It’s 7:00pm, the electricity just switched on for the evening, and I pulled out my laptop to type up a blog post. I boiled some water with the electric kettle (really taking advantage of electricity when there is some) to make tea and a snack for a light dinner.
After a bit, a friend comes over bringing food from the neighbor’s house: Fish soup, cassava, and a smoothie-ish traditional Tongan drink. Of course, I accepted the food, throwing my idea of a “light dinner” out the window.
Since coming to Ha’ano, the PTA families have organized people to feed me on Tuesday, Thursday, and Sunday. They’ll bring me copious amounts of food or I’ll go to their homes, eat copious amounts of food, and bring more of it home with me. (“Take the chicken, fish, taro, yam, pork – a snack for later.”)
I really appreciate the gesture, and, of course, the food too. And often my neighbors will call me to eat or bring food over. Since they’ve moved in, I’ve seen how much work goes into preparing food here:
After actually growing the root crops and catching the fish, both are prepared for, let’s say, boiling. Fish is scaled and gutted (a skill which I have had the chance to practice a few times), and the root crops are peeled. Most people cook over an open fire, so they stoke coconut husks and wood under the “grill,” two pieces of rebar propped up on cinder blocks.
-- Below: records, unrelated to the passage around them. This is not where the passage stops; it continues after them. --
lemma chain_K_shape_append_basic:
  assumes "bl \<in> basic_blocks" "chain_K_shape xs"
  shows "chain_K_shape (bl @ xs)"
proof -
  consider (plain) bs where "set bs \<subseteq> basic_blocks" "xs = concat bs @ [1]"
    | (special) bs1 s bs2 where "set bs1 \<subseteq> basic_blocks" "set bs2 \<subseteq> basic_blocks"
        "s \<in> special_blocks" "xs = concat bs1 @ s @ concat bs2 @ [0]"
    using assms(2) unfolding chain_K_shape_def by blast
  then show ?thesis
  proof cases
    case plain
    then have "set (bl # bs) \<subseteq> basic_blocks \<and> bl @ xs = concat (bl # bs) @ [1]"
      using assms(1) by simp
    then show ?thesis unfolding chain_K_shape_def by (intro disjI1 exI)
  next
    case special
    then have "set (bl # bs1) \<subseteq> basic_blocks \<and> set bs2 \<subseteq> basic_blocks \<and> s \<in> special_blocks
        \<and> bl @ xs = concat (bl # bs1) @ s @ concat bs2 @ [0]"
      using assms(1) by simp
    then show ?thesis unfolding chain_K_shape_def by (intro disjI2 exI)
  qed
qed

lemma chain_K_shape_append_special:
  assumes "s \<in> special_blocks" "basic_then_0 xs"
  shows "chain_K_shape (s @ xs)"
proof -
  obtain bs where "set bs \<subseteq> basic_blocks" "xs = concat bs @ [0]"
    using assms(2) unfolding basic_then_0_def by blast
  then have "set [] \<subseteq> basic_blocks \<and> set bs \<subseteq> basic_blocks \<and> s \<in> special_blocks
      \<and> s @ xs = concat [] @ s @ concat bs @ [0]"
    using assms(1) by simp
  then show ?thesis
    unfolding chain_K_shape_def by (intro disjI2 exI)
qed

text \<open>\<open>a\<close>, \<open>b\<close> and \<open>K\<close> stand for the exponents of a chain summand, the corresponding
  entries of \<open>E\<^sub>W\<^sup>-\<^sup>1 (\<ell> + m + n + 2)\<close> (extended by \<open>b (N + 1) = 0\<close>) and the \<open>K i\<close>.\<close>

locale chain_inequalities =
  fixes N :: nat and a b K :: "nat \<Rightarrow> int"
  assumes N_pos: "N \<ge> 1"
    and a_ge_2: "\<And>i. i \<in> {1..N} \<Longrightarrow> a i \<ge> 2"
    and b_end: "b (Suc N) = 0"
    and K_plus_b: "\<And>i. i \<in> {1..N} \<Longrightarrow> K i + b i \<ge> 1"
    and row_lower: "\<And>i. i \<in> {1..N} \<Longrightarrow> K i + 1 \<le> (a i - 1) * b i + b (Suc i)"
    and row_upper: "\<And>i. i \<in> {1..N} \<Longrightarrow> (a i - 1) * b i + b (Suc i) \<le> K i + 2 * a i - 1"
begin

lemma K_lower_bound:
  assumes "i \<in> {1..N}" "b i \<ge> 2"
  shows "b i + b (Suc i) - 3 \<le> K i"
proof -
  have "b i - 2 = 1 * (b i - 2)" by simp
  also have "\<dots> \<le> (a i - 1) * (b i - 2)"
    using a_ge_2[OF assms(1)] assms(2) by (intro mult_right_mono) auto
  also have "\<dots> = (a i - 1) * b i - 2 * a i + 2"
    by (simp add: algebra_simps)
  finally show ?thesis
    using row_upper[OF assms(1)] by linarith
qed

lemma b_Suc_lower_bound:
  assumes "i \<in> {1..N}" "b i \<le> 0"
  shows "K i + 1 - b i \<le> b (Suc i)"
proof -
  have "(a i - 1) * b i \<le> 1 * b i"
    using a_ge_2[OF assms(1)] assms(2) by (intro mult_right_mono_neg) auto
  then show ?thesis
    using row_lower[OF assms(1)] by linarith
qed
Coconut milk is used in the broth for cooking, so that has to be prepared. I can’t describe exactly how impressive this action is, but I’ll try. A piece of rebar with a point on the end that is pointing up from the ground/something it’s mounted on is used to take the outer husk of the old coconut off. The coconut is slammed onto the rebar and twisted to rip a small section of the fibery husk from the inner shell. The process is repeated until the coconut-husker can pull the whole outer husk on his own, leaving the smaller, round coconut we all imagine drinking fruity cocktails out of. The coconut is broken in half with a machete or rock or anything else hard, and the milk is saved in a basin. Then, the insides are scraped out. Using a piece of metal with grating teeth on the end that is nailed to a wooden bench, the husker scrapes out the coconut meat. (It’s not as easy as it looks.) With the meat ready, the coconut milk and maybe some water is poured over the flakes. A thicker cream is made when the husker takes the fibers, pulled from the inside of the outer coconut casing, and uses them as a strainer, wringing the juices from the meat and throwing the meat away.
I don’t think that was a good representation of how impressive it is – and how easy Tongans make it look. Maybe I’ll get a video up.
After putting the cream into the pot with everything else, the food can actually cook. Without refrigeration here, though, nothing can be saved for a longer time, so this goes on for a sizable part of the day.